I do agree that in general the article was written in more or less praise of Linux, but reading that sentence makes my blood boil.
Re:Blaming Linux... (Score:4, Insightful)
Too often the people that are left to explain the problem in detail to the press are not the engineers that worked on the solution for that problem. If we had a discussion with one of them, we would hear a totally different story!
Re:140 million (Score:3, Insightful)
According to a poster further up, the figure is based on the number of users that have logged in in the last 30 days. While that number will still be a bit high it shouldn't be awful.
Re:Blaming Linux... (Score:5, Insightful)
[...] So they blame Linux instead of them selves for such a half-ass implementation of sending out packets from multiple threads with a single socket.[...]
Sorry for my ranting, but it just pisses me off when moron programmers blame the operating system for their own stupidity.
The point is that it wasn't their own stupidity. They took someone's open source project and improved it so it could better handle high loads. I don't see them blaming Linux, I see them recognising the limitations of the system they are using and coming up with a solution and then sharing it. Normally, this is cause to say "Yay! Open source!" rather than calling them "moron programmers".

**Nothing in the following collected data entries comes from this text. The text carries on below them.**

lemma tensor_op_factorizes_at:
  assumes P: "partition_on L P" "finite P" and f0: "f0 \<in> basis_idx d L"
    and c: "tensor_op d L P As f0 f0 \<noteq> 0"
  shows "factorizes_at d L f0 P (\<lambda>f g. tensor_op d L P As f g / tensor_op d L P As f0 f0)"
  unfolding factorizes_at_def
proof (intro ballI)
  fix f g assume f: "f \<in> basis_idx d L" and g: "g \<in> basis_idx d L"
  define a where "a X = As X (restrict f0 X) (restrict f0 X)" for X
  define \<alpha> where "\<alpha> X = As X (restrict f X) (restrict g X)" for X
  have c_eq: "tensor_op d L P As f0 f0 = (\<Prod>X\<in>P. a X)"
    using f0 by (simp add: tensor_op_def a_def)
  have a0: "a X \<noteq> 0" if "X \<in> P" for X
    using c c_eq that P(2) by auto
  have block: "tensor_op d L P As (override_on f0 f X) (override_on f0 g X)
      = \<alpha> X / a X * tensor_op d L P As f0 f0" if X: "X \<in> P" for X
  proof -
    have "tensor_op d L P As (override_on f0 f X) (override_on f0 g X)
        = (\<Prod>Y\<in>P. As Y (restrict (override_on f0 f X) Y) (restrict (override_on f0 g X) Y))"
      using f g f0 by (simp add: tensor_op_def override_on_in_basis_idx)
    also have "\<dots> = (\<Prod>Y\<in>P. (if Y = X then \<alpha> Y / a Y else 1) * a Y)"
    proof (rule prod.cong[OF refl])
      fix Y assume Y: "Y \<in> P"
      show "As Y (restrict (override_on f0 f X) Y) (restrict (override_on f0 g X) Y)
          = (if Y = X then \<alpha> Y / a Y else 1) * a Y"
        using a0[OF Y] restrict_override_on_partition[OF P(1) X Y, of f0]
        by (cases "Y = X") (simp_all add: \<alpha>_def a_def)
    qed
    also have "\<dots> = \<alpha> X / a X * tensor_op d L P As f0 f0"
      using P(2) X by (simp add: prod.distrib c_eq prod.delta)
    finally show ?thesis .
  qed
  have "tensor_op d L P As f g / tensor_op d L P As f0 f0 = (\<Prod>X\<in>P. \<alpha> X / a X)"
    using f g f0 by (simp add: tensor_op_def prod_dividef \<alpha>_def a_def)
  also have "\<dots> = (\<Prod>X\<in>P. tensor_op d L P As (override_on f0 f X) (override_on f0 g X)
                     / tensor_op d L P As f0 f0)"
    using block c by (intro prod.cong) auto
  finally show "tensor_op d L P As f g / tensor_op d L P As f0 f0 = \<dots>" .
qed

definition partition_meet :: "'a set set \<Rightarrow> 'a set set \<Rightarrow> 'a set set" where
  "partition_meet P Q = {X \<inter> Y | X Y. X \<in> P \<and> Y \<in> Q \<and> X \<inter> Y \<noteq> {}}"

lemma partition_on_partition_meet:
  assumes P: "partition_on L P" and Q: "partition_on L Q"
  shows "partition_on L (partition_meet P Q)"
proof (rule partition_onI)
  have "i \<in> \<Union>(partition_meet P Q)" if "i \<in> L" for i
  proof -
    obtain X Y where "X \<in> P" "Y \<in> Q" "i \<in> X" "i \<in> Y"
      using \<open>i \<in> L\<close> partition_onD1[OF P] partition_onD1[OF Q] by blast
    then show ?thesis unfolding partition_meet_def by blast
  qed
  moreover have "\<Union>(partition_meet P Q) \<subseteq> L"
    using partition_onD1[OF P] by (auto simp: partition_meet_def)
  ultimately show "\<Union>(partition_meet P Q) = L" by blast
  show "disjnt Z Z'" if Z_in: "Z \<in> partition_meet P Q" and Z'_in: "Z' \<in> partition_meet P Q"
    and "Z \<noteq> Z'" for Z Z'
  proof -
    obtain X Y X' Y' where Z: "Z = X \<inter> Y" "X \<in> P" "Y \<in> Q" and Z': "Z' = X' \<inter> Y'" "X' \<in> P" "Y' \<in> Q"
      using Z_in Z'_in unfolding partition_meet_def by blast
    have "X = X' \<and> Y = Y'" if "i \<in> Z" "i \<in> Z'" for i
      using that Z Z' partition_on_block_eq[OF P, of X X' i] partition_on_block_eq[OF Q, of Y Y' i] by blast
    then show ?thesis
      using \<open>Z \<noteq> Z'\<close> Z Z' unfolding disjnt_def by blast
  qed
qed (auto simp: partition_meet_def)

Re:[Unintelligible] Facebook [Unintelligible] (Score:1, Insightful)
Actually, you're right in that it's not "millions." I meant to make that point and completely forgot in trying to remember the hyphen issue.
I know you might have been going for the comedy thing... but if "talking like a human being" means speaking incorrectly, then I'll pass, thanks. Not that I don't use colloquialisms or always use formal English, but I like trying to avoid grammar, spelling, and pronunciation errors...
Re:Blaming Linux... (Score:1, Insightful)
> Therefore you need a lock around updates to that data structure.
I guess you haven't heard of lockless queues?
Re:Wow (Score:3, Insightful)
What they know about you can fill a warehouse.
What they know about you is only what you tell them.
Re:Yes, (Score:2, Insightful)
You left out 'providing a commercial data mine for companies to exploit'.